(* Let $n\ge 2$ and let $\dot{\mathbf x}=\mathbf f(\sigma,\mathbf x)$ be a multistable regulatory system (MSRS) as defined in the context, with $f_k(\sigma,\mathbf x)=-l(x_k)+\sigma\frac{g(x_k)}{P(x_1,\dots,x_n)+h(x_k)}$; fix $\sigma>0$. Let $\mathbf r=(q,\dots,q)\in\mathbb R_{>0}^n$ be an equilibrium (a diagonal equilibrium). Put $D_n(\mathbf x)=-\frac{P(\mathbf x)+h(x_n)}{l(x_n)}$, $$\tau=\frac{\partial f_n}{\partial x_n}(\mathbf r),\qquad \xi=\frac{\frac{\partial P}{\partial x_{n-1}}(\mathbf r)}{D_n(\mathbf r)},\qquad G_1=\tau-\xi,\qquad G_2=\tau+(n-1)\xi .$$ Then $\det\left(\lambda I-J_{\mathbf f}(\mathbf r)\right)=(\lambda-G_1)^{n-1}(\lambda-G_2)$, where $J_{\mathbf f}=\left[\frac{\partial f_i}{\partial x_j}\right]_{i,j=1}^n$ is the Jacobian matrix with respect to $\mathbf x$.
   Context: A system of ODEs $\frac{dx_k}{dt}=f_k(\sigma,x_1,\dots,x_n)$, $k=1,\dots,n$, is called a multistable regulatory system (MSRS) if $f_k(\sigma,x_1,\dots,x_n)=-l(x_k)+\sigma\frac{g(x_k)}{P(x_1,\dots,x_n)+h(x_k)}$, where $l,g,h$ are real functions of one real variable and $P$ is a real function of $n$ real variables (all differentiable), and: (1) $\sigma$ is a positive parameter; (2) $P$ is symmetric, i.e. unchanged under interchanging any two of its arguments; (3) for every $k$ and every $(x_1,\dots,x_n)\in\mathbb R_{>0}^n$, $P(x_1,\dots,x_n)+h(x_k)>0$; (4) $l(z)\neq 0$ and for every $\sigma>0$ the function $z\mapsto \sigma\frac{g(z)}{l(z)}-h(z)$ has at most one extreme point for $z\in\mathbb R_{>0}$. For a given $\sigma$, a point $\mathbf r\in\mathbb R_{>0}^n$ is an equilibrium if $f_1(\sigma,\mathbf r)=\dots=f_n(\sigma,\mathbf r)=0$. *)

theory Defs
  imports "HOL-Analysis.Analysis"
begin

definition partial :: "(real^'n \<Rightarrow> real) \<Rightarrow> 'n \<Rightarrow> real^'n \<Rightarrow> real" where
  "partial F j x = deriv (\<lambda>t. F (\<chi> k. if k = j then t else x $ k)) (x $ j)"

definition msrs_f :: "(real \<Rightarrow> real) \<Rightarrow> (real \<Rightarrow> real) \<Rightarrow> (real \<Rightarrow> real) \<Rightarrow>
    (real^'n \<Rightarrow> real) \<Rightarrow> real \<Rightarrow> 'n \<Rightarrow> real^'n \<Rightarrow> real" where
  "msrs_f l g h P \<sigma> k x = - l (x $ k) + \<sigma> * (g (x $ k) / (P x + h (x $ k)))"

definition msrs_jacobian :: "(real \<Rightarrow> real) \<Rightarrow> (real \<Rightarrow> real) \<Rightarrow> (real \<Rightarrow> real) \<Rightarrow>
    (real^'n \<Rightarrow> real) \<Rightarrow> real \<Rightarrow> real^'n \<Rightarrow> real^'n^'n" where
  "msrs_jacobian l g h P \<sigma> x = (\<chi> i j. partial (msrs_f l g h P \<sigma> i) j x)"

definition positive_vec :: "real^'n \<Rightarrow> bool" where
  "positive_vec x \<longleftrightarrow> (\<forall>k. x $ k > 0)"

definition symmetric_fun :: "(real^'n \<Rightarrow> real) \<Rightarrow> bool" where
  "symmetric_fun P \<longleftrightarrow> (\<forall>x i j.
     P (\<chi> k. if k = i then x $ j else if k = j then x $ i else x $ k) = P x)"

definition extreme_point_on :: "real set \<Rightarrow> (real \<Rightarrow> real) \<Rightarrow> real \<Rightarrow> bool" where
  "extreme_point_on S \<phi> z \<longleftrightarrow> z \<in> S \<and> (\<exists>e>0.
     (\<forall>y\<in>S. \<bar>y - z\<bar> < e \<longrightarrow> \<phi> y \<le> \<phi> z) \<or> (\<forall>y\<in>S. \<bar>y - z\<bar> < e \<longrightarrow> \<phi> z \<le> \<phi> y))"

text \<open>Multistable regulatory system (conditions (2)-(4) and differentiability;
  condition (1), \<sigma> > 0, is stated separately).\<close>
definition MSRS :: "(real \<Rightarrow> real) \<Rightarrow> (real \<Rightarrow> real) \<Rightarrow> (real \<Rightarrow> real) \<Rightarrow>
    (real^'n \<Rightarrow> real) \<Rightarrow> bool" where
  "MSRS l g h P \<longleftrightarrow>
     (\<forall>z. l differentiable at z) \<and> (\<forall>z. g differentiable at z) \<and>
     (\<forall>z. h differentiable at z) \<and> (\<forall>x. P differentiable at x) \<and>
     symmetric_fun P \<and>
     (\<forall>k x. positive_vec x \<longrightarrow> P x + h (x $ k) > 0) \<and>
     (\<forall>z>0. l z \<noteq> 0) \<and>
     (\<forall>\<sigma>>0. \<forall>z1 z2.
        extreme_point_on {0<..} (\<lambda>z. \<sigma> * (g z / l z) - h z) z1 \<and>
        extreme_point_on {0<..} (\<lambda>z. \<sigma> * (g z / l z) - h z) z2 \<longrightarrow> z1 = z2)"

definition equilibrium :: "(real \<Rightarrow> real) \<Rightarrow> (real \<Rightarrow> real) \<Rightarrow> (real \<Rightarrow> real) \<Rightarrow>
    (real^'n \<Rightarrow> real) \<Rightarrow> real \<Rightarrow> real^'n \<Rightarrow> bool" where
  "equilibrium l g h P \<sigma> r \<longleftrightarrow> positive_vec r \<and> (\<forall>k. msrs_f l g h P \<sigma> k r = 0)"

end

theory Submission
  imports Defs
begin

text \<open>At a diagonal equilibrium \<open>r = (q,\<dots>,q)\<close> the symmetry of \<open>P\<close> makes all diagonal entries
  of the Jacobian equal to \<open>\<tau>\<close> and all off-diagonal entries equal to
  \<open>-\<sigma> g(q) \<partial>P/\<partial>x\<^sub>j(r) / (P(r) + h(q))\<^sup>2\<close>, which the equilibrium equation
  \<open>\<sigma> g(q) = l(q) (P(r) + h(q))\<close> turns into \<open>\<xi>\<close>. Hence \<open>\<lambda>I - J = (\<lambda> - \<tau> + \<xi>) I - \<xi> \<one>\<one>\<^sup>T\<close>.
  Subtracting one row from all others and adding all other columns to that column
  leaves a matrix that is diagonal outside that row, with diagonal
  \<open>\<lambda> - \<tau> + \<xi>\<close> (n - 1 times) and \<open>\<lambda> - \<tau> - (n - 1) \<xi>\<close>.\<close>

lemma det_diagonal_except_row:
  fixes A :: "'a::comm_ring_1^'n^'n"
  assumes offdiag: "\<And>i j. i \<noteq> p \<Longrightarrow> i \<noteq> j \<Longrightarrow> A$i$j = 0"
  shows "det A = prod (\<lambda>i. A$i$i) UNIV"
proof -
  let ?perms = "{\<pi>. \<pi> permutes (UNIV :: 'n set)}"
  have vanish: "\<forall>\<pi> \<in> ?perms - {id}. of_int (sign \<pi>) * prod (\<lambda>i. A$i$\<pi> i) UNIV = 0"
  proof
    fix \<pi> assume "\<pi> \<in> ?perms - {id}"
    then have "inj \<pi>" and "\<pi> \<noteq> id" by (auto intro: permutes_inj)
    have "\<exists>i. i \<noteq> p \<and> \<pi> i \<noteq> i"
    proof (rule ccontr)
      assume "\<not> ?thesis"
      then have fixes_others: "\<pi> i = i" if "i \<noteq> p" for i
        using that by blast
      with \<open>\<pi> \<noteq> id\<close> have "\<pi> p \<noteq> p" by (metis eq_id_iff)
      then have "\<pi> (\<pi> p) = \<pi> p" by (rule fixes_others)
      with \<open>inj \<pi>\<close> have "\<pi> p = p" by (rule injD)
      with \<open>\<pi> p \<noteq> p\<close> show False ..
    qed
    then show "of_int (sign \<pi>) * prod (\<lambda>i. A$i$\<pi> i) UNIV = 0"
      using offdiag by (metis (mono_tags) UNIV_I finite prod_zero mult_zero_right)
  qed
  have "{id} \<subseteq> ?perms" by (simp add: permutes_id)
  from sum.mono_neutral_cong_left[OF finite_permutations[OF finite] this vanish] show ?thesis
    unfolding det_def by (simp add: sign_id)
qed

lemma matrix_mult_subtract_row:
  fixes A :: "'a::comm_ring_1^'n^'m"
  shows "((\<chi> i j. if i = j then 1 else if j = p then -1 else 0) ** A) $ i $ k
    = (if i = p then A$p$k else A$i$k - A$p$k)"
proof -
  have "(\<chi> i j. if i = j then 1 else if j = p then -1 else 0 :: 'a^'m^'m) $ i $ j * A$j$k
    = (if j = i then A$i$k else 0) - (if i = p then 0 else if j = p then A$p$k else 0)" for j
    by auto
  then show ?thesis
    unfolding matrix_matrix_mult_def by (simp add: sum_subtractf)
qed

lemma matrix_mult_sum_columns:
  fixes A :: "'a::comm_ring_1^'n^'m"
  shows "(A ** (\<chi> i j. if i = j \<or> j = p then 1 else 0)) $ i $ j
    = (if j = p then (\<Sum>k\<in>UNIV. A$i$k) else A$i$j)"
  unfolding matrix_matrix_mult_def by (auto simp: if_distrib cong: if_cong)

lemma det_mat_minus_const:
  "det (mat a - (\<chi> i j. b) :: 'a::comm_ring_1^'n^'n) = a ^ (CARD('n) - 1) * (a - of_nat CARD('n) * b)"
proof -
  fix p :: 'n
  define V :: "'a^'n^'n" where "V = (\<chi> i j. if i = j then 1 else if j = p then -1 else 0)"
  define U :: "'a^'n^'n" where "U = (\<chi> i j. if i = j \<or> j = p then 1 else 0)"
  let ?M = "mat a - (\<chi> i j. b) :: 'a^'n^'n"
  have "det V = 1" "det U = 1"
    by (subst det_transpose[symmetric], subst det_diagonal_except_row[where p=p],
        auto simp: V_def U_def transpose_def)+
  have VMU: "(V ** ?M ** U) $ i $ j = (if i = p then (if j = p then a - of_nat CARD('n) * b else - b)
      else if i = j then a else 0)" for i j
    unfolding U_def matrix_mult_sum_columns unfolding V_def matrix_mult_subtract_row
    by (auto simp: mat_def sum_subtractf)
  have "det V * det ?M * det U = det (V ** ?M ** U)"
    by (simp only: det_mul)
  also have "\<dots> = (\<Prod>i\<in>UNIV. (V ** ?M ** U) $ i $ i)"
    by (rule det_diagonal_except_row[where p=p]) (simp add: VMU)
  also have "\<dots> = (a - of_nat CARD('n) * b) * a ^ (CARD('n) - 1)"
    by (simp add: VMU prod.remove[of UNIV p] card_Diff_singleton)
  finally show ?thesis using \<open>det V = 1\<close> \<open>det U = 1\<close> by (simp add: mult.commute)
qed

lemma coordinate_line_differentiable:
  "(\<lambda>t. (\<chi> k. if k = j then t else x $ k) :: real^'n) differentiable at t0"
proof -
  have "(\<lambda>t. (\<chi> k. if k = j then t else x $ k) :: real^'n)
      = (\<lambda>t. x + (t - x $ j) *\<^sub>R axis j 1)"
    by (auto simp: vec_eq_iff axis_def)
  then show ?thesis by simp
qed

lemma has_real_derivative_partial:
  assumes "F differentiable at x"
  shows "((\<lambda>t. F (\<chi> k. if k = j then t else x $ k)) has_real_derivative partial F j x) (at (x $ j))"
proof -
  have "(\<chi> k. if k = j then x $ j else x $ k) = x" by (simp add: vec_eq_iff)
  then have "(F \<circ> (\<lambda>t. \<chi> k. if k = j then t else x $ k)) differentiable at (x $ j)"
    using assms by (intro differentiable_chain_at coordinate_line_differentiable) simp_all
  then show ?thesis
    unfolding partial_def by (simp add: o_def DERIV_deriv_iff_real_differentiable)
qed

lemma symmetric_fun_single_coordinate:
  fixes P :: "real^'n \<Rightarrow> real"
  assumes "symmetric_fun P"
  shows "P (\<chi> k. if k = i then t else q) = P (\<chi> k. if k = j then t else q)"
proof -
  let ?x = "(\<chi> k. if k = j then t else q) :: real^'n"
  have "P (\<chi> k. if k = i then ?x $ j else if k = j then ?x $ i else ?x $ k) = P ?x"
    using assms unfolding symmetric_fun_def by blast
  moreover have "(\<chi> k. if k = i then ?x $ j else if k = j then ?x $ i else ?x $ k)
      = (\<chi> k. if k = i then t else q)"
    by (auto simp: vec_eq_iff)
  ultimately show ?thesis by simp
qed

lemma partial_const_vec:
  "partial F j (\<chi> k. q) = deriv (\<lambda>t. F (\<chi> k. if k = j then t else q)) q"
  unfolding partial_def by (simp only: vec_lambda_beta)

lemma partial_symmetric_fun_const_vec:
  assumes "symmetric_fun P"
  shows "partial P i (\<chi> k. q) = partial P j (\<chi> k. q)"
  unfolding partial_const_vec symmetric_fun_single_coordinate[OF assms, of i _ _ j] ..

lemma partial_msrs_f_diagonal_const_vec:
  assumes "symmetric_fun P"
  shows "partial (msrs_f l g h P \<sigma> i) i (\<chi> k. q) = partial (msrs_f l g h P \<sigma> j) j (\<chi> k. q)"
  unfolding partial_const_vec msrs_f_def
  by (simp add: symmetric_fun_single_coordinate[OF assms, of i _ _ j])

lemma partial_msrs_f_off_diagonal_const_vec:
  assumes "P differentiable at (\<chi> k. q)" and "i \<noteq> j" and "P (\<chi> k. q) + h q \<noteq> 0"
  shows "partial (msrs_f l g h P \<sigma> i) j (\<chi> k. q)
    = - \<sigma> * g q * partial P j (\<chi> k. q) / (P (\<chi> k. q) + h q)\<^sup>2"
proof -
  have line_deriv:
      "((\<lambda>t. P (\<chi> k. if k = j then t else q)) has_real_derivative partial P j (\<chi> k. q)) (at q)"
    using has_real_derivative_partial[OF assms(1), of j] by (simp only: vec_lambda_beta)
  have "((\<lambda>t. - l q + \<sigma> * (g q / (P (\<chi> k. if k = j then t else q) + h q))) has_real_derivative
      - \<sigma> * g q * partial P j (\<chi> k. q) / (P (\<chi> k. q) + h q)\<^sup>2) (at q)"
    by (rule derivative_eq_intros line_deriv refl)+ (simp_all add: assms(3), simp add: power2_eq_square)
  moreover have "msrs_f l g h P \<sigma> i (\<chi> k. if k = j then t else q)
      = - l q + \<sigma> * (g q / (P (\<chi> k. if k = j then t else q) + h q))" for t
    using assms(2) by (simp add: msrs_f_def)
  ultimately show ?thesis
    unfolding partial_const_vec by (simp add: DERIV_imp_deriv)
qed

lemma msrs_jacobian_at_diagonal_equilibrium:
  fixes P :: "real^'n \<Rightarrow> real"
  assumes msrs: "MSRS l g h P" and eq: "equilibrium l g h P \<sigma> (\<chi> k. q)"
  shows "msrs_jacobian l g h P \<sigma> (\<chi> k. q) = (\<chi> i j. if i = j
      then partial (msrs_f l g h P \<sigma> nn) nn (\<chi> k. q)
      else partial P nm (\<chi> k. q) / (- (P (\<chi> k. q) + h q) / l q))"
proof -
  let ?r = "(\<chi> k. q) :: real^'n"
  define S where "S = P ?r + h q"
  have sym: "symmetric_fun P" and diff: "P differentiable at ?r"
    using msrs by (simp_all add: MSRS_def)
  have "q > 0" using eq by (simp add: equilibrium_def positive_vec_def)
  then have "l q \<noteq> 0" using msrs by (simp add: MSRS_def)
  have "S > 0"
    using msrs eq unfolding S_def MSRS_def equilibrium_def by (metis vec_lambda_beta)
  moreover have "\<sigma> * (g q / S) = l q"
    using eq by (simp add: S_def equilibrium_def msrs_f_def)
  ultimately have balance: "\<sigma> * g q = l q * S"
    by (simp add: field_simps)
  have "partial (msrs_f l g h P \<sigma> i) j ?r = partial P nm ?r / (- S / l q)" if "i \<noteq> j" for i j
  proof -
    have "partial (msrs_f l g h P \<sigma> i) j ?r = - (\<sigma> * g q) * partial P nm ?r / S\<^sup>2"
      using partial_msrs_f_off_diagonal_const_vec[OF diff that, of h l g \<sigma>]
        partial_symmetric_fun_const_vec[OF sym, of j _ nm] \<open>S > 0\<close>
      by (simp add: S_def)
    also have "\<dots> = partial P nm ?r / (- S / l q)"
      unfolding balance using \<open>S > 0\<close> \<open>l q \<noteq> 0\<close> by (simp add: power2_eq_square field_simps)
    finally show ?thesis .
  qed
  moreover have "partial (msrs_f l g h P \<sigma> i) i ?r = partial (msrs_f l g h P \<sigma> nn) nn ?r" for i
    using partial_msrs_f_diagonal_const_vec[OF sym] .
  ultimately show ?thesis
    unfolding msrs_jacobian_def S_def vec_eq_iff by simp
qed

theorem theorem3:
  fixes l g h :: "real \<Rightarrow> real" and P :: "real^'n \<Rightarrow> real"
    and \<sigma> q lam :: real and nn nm :: 'n
  assumes "CARD('n) \<ge> 2"
    and "MSRS l g h P"
    and "\<sigma> > 0"
    and "nn \<noteq> nm"
    and "equilibrium l g h P \<sigma> (\<chi> k. q)"
  shows "let r = (\<chi> k. q) :: real^'n;
             \<tau> = partial (msrs_f l g h P \<sigma> nn) nn r;
             D = - (P r + h (r $ nn)) / l (r $ nn);
             \<xi> = partial P nm r / D;
             G1 = \<tau> - \<xi>;
             G2 = \<tau> + real (CARD('n) - 1) * \<xi>
         in det (mat lam - msrs_jacobian l g h P \<sigma> r)
            = (lam - G1) ^ (CARD('n) - 1) * (lam - G2)"
proof -
  let ?r = "(\<chi> k. q) :: real^'n"
  define \<tau> where "\<tau> = partial (msrs_f l g h P \<sigma> nn) nn ?r"
  define \<xi> where "\<xi> = partial P nm ?r / (- (P ?r + h q) / l q)"
  have "mat lam - msrs_jacobian l g h P \<sigma> ?r = mat (lam - \<tau> + \<xi>) - (\<chi> i j. \<xi>)"
    unfolding msrs_jacobian_at_diagonal_equilibrium[OF assms(2,5), of nn nm] \<tau>_def \<xi>_def
    by (auto simp: vec_eq_iff mat_def)
  then have "det (mat lam - msrs_jacobian l g h P \<sigma> ?r)
      = (lam - \<tau> + \<xi>) ^ (CARD('n) - 1) * (lam - \<tau> + \<xi> - real CARD('n) * \<xi>)"
    by (simp only: det_mat_minus_const)
  also have "\<dots> = (lam - (\<tau> - \<xi>)) ^ (CARD('n) - 1) * (lam - (\<tau> + real (CARD('n) - 1) * \<xi>))"
    by (simp add: of_nat_diff algebra_simps)
  finally show ?thesis
    unfolding Let_def vec_lambda_beta \<tau>_def[symmetric] \<xi>_def[symmetric] .
qed

end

○ ○ ○ ○ ○ ○ ○

§ What you should do
Copy out all the lines of the records that include "assumes".

§ Expected answer
  assumes offdiag: "\<And>i j. i \<noteq> p \<Longrightarrow> i \<noteq> j \<Longrightarrow> A$i$j = 0"
  assumes "F differentiable at x"
  assumes "symmetric_fun P"
  assumes "symmetric_fun P"
  assumes "symmetric_fun P"
  assumes "P differentiable at (\<chi> k. q)" and "i \<noteq> j" and "P (\<chi> k. q) + h q \<noteq> 0"
  assumes msrs: "MSRS l g h P" and eq: "equilibrium l g h P \<sigma> (\<chi> k. q)"
  assumes "CARD('n) \<ge> 2"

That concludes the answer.